(Saved data entries)
==============================

(* Let $(X_1,\dots,X_d)$ be a $d$-dimensional $1$-Meixner random vector with $E[X_i]=0$ for all $i$, and let real numbers $\alpha_{i,j,k}$, $\beta_{i,j}$ satisfy $[U_i,X_j]=\sum_{k=1}^d\alpha_{i,j,k}X_k+\beta_{i,j}I$ for all $i,j$. Put $A:=\max\{|\alpha_{i,j,k}|:1\le i,j,k\le d\}$, $B:=\max\{|\beta_{i,j}|:1\le i,j\le d\}$ and $K:=\max\{dA+B,1\}$. Then for every multi-index $\mathbf i=(i_1,\dots,i_d)\in(\mathbb N\cup\{0\})^d$, $$\big|E[X^{\mathbf i}]\big|\le K^{|\mathbf i|}\,|\mathbf i|!\qquad\text{and}\qquad E\big[|X^{\mathbf i}|\big]\le(2K)^{|\mathbf i|}\,|\mathbf i|!,$$ where $|\mathbf i|=i_1+\cdots+i_d$ and $X^{\mathbf i}=X_1^{i_1}\cdots X_d^{i_d}$.
   Context: Let $X_1,\dots,X_d$ be real random variables on $(\Omega,\mathcal F,P)$ with finite moments of all orders. $F$ is the space of polynomial random variables $f(X_1,\dots,X_d)$ (complex coefficients), $F_n$ those of degree $\le n$, $G_0=F_0$, $G_n=F_n\ominus F_{n-1}$ in $L^2(P)$. For $f\in G_n$, $X_if\in G_{n-1}\oplus G_n\oplus G_{n+1}$; its components define $a^-(i)f,a^0(i)f,a^+(i)f$ respectively, extended linearly to $F$. $U_i:=a^-(i)+\tfrac12a^0(i)$. $(X_1,\dots,X_d)$ is a $d$-dimensional $1$-Meixner random vector if there are reals $\alpha_{i,j,k},\beta_{i,j}$ with $[U_i,X_j]=\sum_k\alpha_{i,j,k}X_k+\beta_{i,j}I$ on $F$ for all $i,j$ (with $X_j$ the multiplication operator, $I$ the identity). *)

theory Defs
  imports "HOL-Probability.Probability"
begin

text \<open>Random variables are indexed 0..d-1 (the paper's 1..d). Multi-indices are
functions nat => nat, of which only the values at 0..d-1 matter.\<close>

definition pmono :: "(nat \<Rightarrow> 'a \<Rightarrow> real) \<Rightarrow> nat \<Rightarrow> (nat \<Rightarrow> nat) \<Rightarrow> 'a \<Rightarrow> complex" where
  "pmono X d k \<omega> = (\<Prod>i<d. complex_of_real (X i \<omega>) ^ k i)"

definition multi_idx :: "nat \<Rightarrow> nat \<Rightarrow> (nat \<Rightarrow> nat) set" where
  "multi_idx d n = {k. (\<forall>i\<ge>d. k i = 0) \<and> (\<Sum>i<d. k i) \<le> n}"

definition polyF :: "(nat \<Rightarrow> 'a \<Rightarrow> real) \<Rightarrow> nat \<Rightarrow> nat \<Rightarrow> ('a \<Rightarrow> complex) set" where
  "polyF X d n = {f. \<exists>c. f = (\<lambda>\<omega>. \<Sum>k\<in>multi_idx d n. c k * pmono X d k \<omega>)}"

definition polyAll :: "(nat \<Rightarrow> 'a \<Rightarrow> real) \<Rightarrow> nat \<Rightarrow> ('a \<Rightarrow> complex) set" where
  "polyAll X d = (\<Union>n. polyF X d n)"

definition linner :: "'a measure \<Rightarrow> ('a \<Rightarrow> complex) \<Rightarrow> ('a \<Rightarrow> complex) \<Rightarrow> complex" where
  "linner M f g = (\<integral>\<omega>. f \<omega> * cnj (g \<omega>) \<partial>M)"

==============================

_ABOUT THIS EXERCISE:_
Check each line above for the word "Rightarrow" and copy every line that has it.

_TASK SOLUTION:_
definition pmono :: "(nat \<Rightarrow> 'a \<Rightarrow> real) \<Rightarrow> nat \<Rightarrow> (nat \<Rightarrow> nat) \<Rightarrow> 'a \<Rightarrow> complex" where
definition multi_idx :: "nat \<Rightarrow> nat \<Rightarrow> (nat \<Rightarrow> nat) set" where
definition polyF :: "(nat \<Rightarrow> 'a \<Rightarrow> real) \<Rightarrow> nat \<Rightarrow> nat \<Rightarrow> ('a \<Rightarrow> complex) set" where
definition polyAll :: "(nat \<Rightarrow> 'a \<Rightarrow> real) \<Rightarrow> nat \<Rightarrow> ('a \<Rightarrow> complex) set" where
definition linner :: "'a measure \<Rightarrow> ('a \<Rightarrow> complex) \<Rightarrow> ('a \<Rightarrow> complex) \<Rightarrow> complex" where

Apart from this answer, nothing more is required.